What you have to do
The full listing should be transcribed verbatim.

Available records
lemma gdist_predecessor:
  assumes "x \<in> V" "y \<in> V" "gdist E x y = Suc m"
  obtains z where "E z y" "gdist E x z = m"
proof -
  have "(x, y) \<in> adj_rel E ^^ Suc m" using walk_gdist_in_V[OF assms(1,2)] assms(3) by simp
  then obtain z where xz: "(x, z) \<in> adj_rel E ^^ m" and zy: "E z y"
    by (auto simp: adj_rel_def relpow_Suc_D2')
  have "gdist E x z = m"
    using gdist_le[OF xz] gdist_along_edge[OF assms(1) zy] assms(3) by simp
  with zy that show ?thesis by blast
qed

lemma distance_attained:
  assumes "j \<le> diameter V E"
  obtains x y where "x \<in> V" "y \<in> V" "gdist E x y = j"
proof -
  have "{gdist E x y | x y. x \<in> V \<and> y \<in> V} = (\<lambda>(x, y). gdist E x y) ` (V \<times> V)" by auto
  then have "finite {gdist E x y | x y. x \<in> V \<and> y \<in> V}" "{gdist E x y | x y. x \<in> V \<and> y \<in> V} \<noteq> {}"
    using finite_V V_nonempty by auto
  then have "diameter V E \<in> {gdist E x y | x y. x \<in> V \<and> y \<in> V}"
    unfolding diameter_def by (rule Max_in)
  then obtain x y where x: "x \<in> V" and y: "y \<in> V" and diam: "diameter V E = gdist E x y" by blast
  have "\<exists>z\<in>V. gdist E x z = j" if "y \<in> V" "gdist E x y = m" "j \<le> m" for y m
    using that
  proof (induction m arbitrary: y)
    case 0
    then show ?case using x gdist_self[of E x] by auto
  next
    case (Suc m)
    show ?case
    proof (cases "j = Suc m")
      case True
      then show ?thesis using Suc.prems(1,2) by auto
    next
      case False
      obtain z where "E z y" "gdist E x z = m" using gdist_predecessor x Suc.prems(1,2) .
      then show ?thesis using Suc.IH[of z] Suc.prems(3) False edge_in_V by auto
    qed
  qed
  then obtain z where "z \<in> V" "gdist E x z = j" using y diam assms by auto
  with x show ?thesis by (rule that)
qed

Answer space
lemma gdist_predecessor:
  assumes "x \<in> V" "y \<in> V" "gdist E x y = Suc m"
  obtains z where "E z y" "gdist E x z = m"
proof -
  have "(x, y) \<in> adj_rel E ^^ Suc m" using walk_gdist_in_V[OF assms(1,2)] assms(3) by simp
  then obtain z where xz: "(x, z) \<in> adj_rel E ^^ m" and zy: "E z y"
    by (auto simp: adj_rel_def relpow_Suc_D2')
  have "gdist E x z = m"
    using gdist_le[OF xz] gdist_along_edge[OF assms(1) zy] assms(3) by simp
  with zy that show ?thesis by blast
qed

lemma distance_attained:
  assumes "j \<le> diameter V E"
  obtains x y where "x \<in> V" "y \<in> V" "gdist E x y = j"
proof -
  have "{gdist E x y | x y. x \<in> V \<and> y \<in> V} = (\<lambda>(x, y). gdist E x y) ` (V \<times> V)" by auto
  then have "finite {gdist E x y | x y. x \<in> V \<and> y \<in> V}" "{gdist E x y | x y. x \<in> V \<and> y \<in> V} \<noteq> {}"
    using finite_V V_nonempty by auto
  then have "diameter V E \<in> {gdist E x y | x y. x \<in> V \<and> y \<in> V}"
    unfolding diameter_def by (rule Max_in)
  then obtain x y where x: "x \<in> V" and y: "y \<in> V" and diam: "diameter V E = gdist E x y" by blast
  have "\<exists>z\<in>V. gdist E x z = j" if "y \<in> V" "gdist E x y = m" "j \<le> m" for y m
    using that
  proof (induction m arbitrary: y)
    case 0
    then show ?case using x gdist_self[of E x] by auto
  next
    case (Suc m)
    show ?case
    proof (cases "j = Suc m")
      case True
      then show ?thesis using Suc.prems(1,2) by auto
    next
      case False
      obtain z where "E z y" "gdist E x z = m" using gdist_predecessor x Suc.prems(1,2) .
      then show ?thesis using Suc.IH[of z] Suc.prems(3) False edge_in_V by auto
    qed
  qed
  then obtain z where "z \<in> V" "gdist E x z = j" using y diam assms by auto
  with x show ?thesis by (rule that)
qed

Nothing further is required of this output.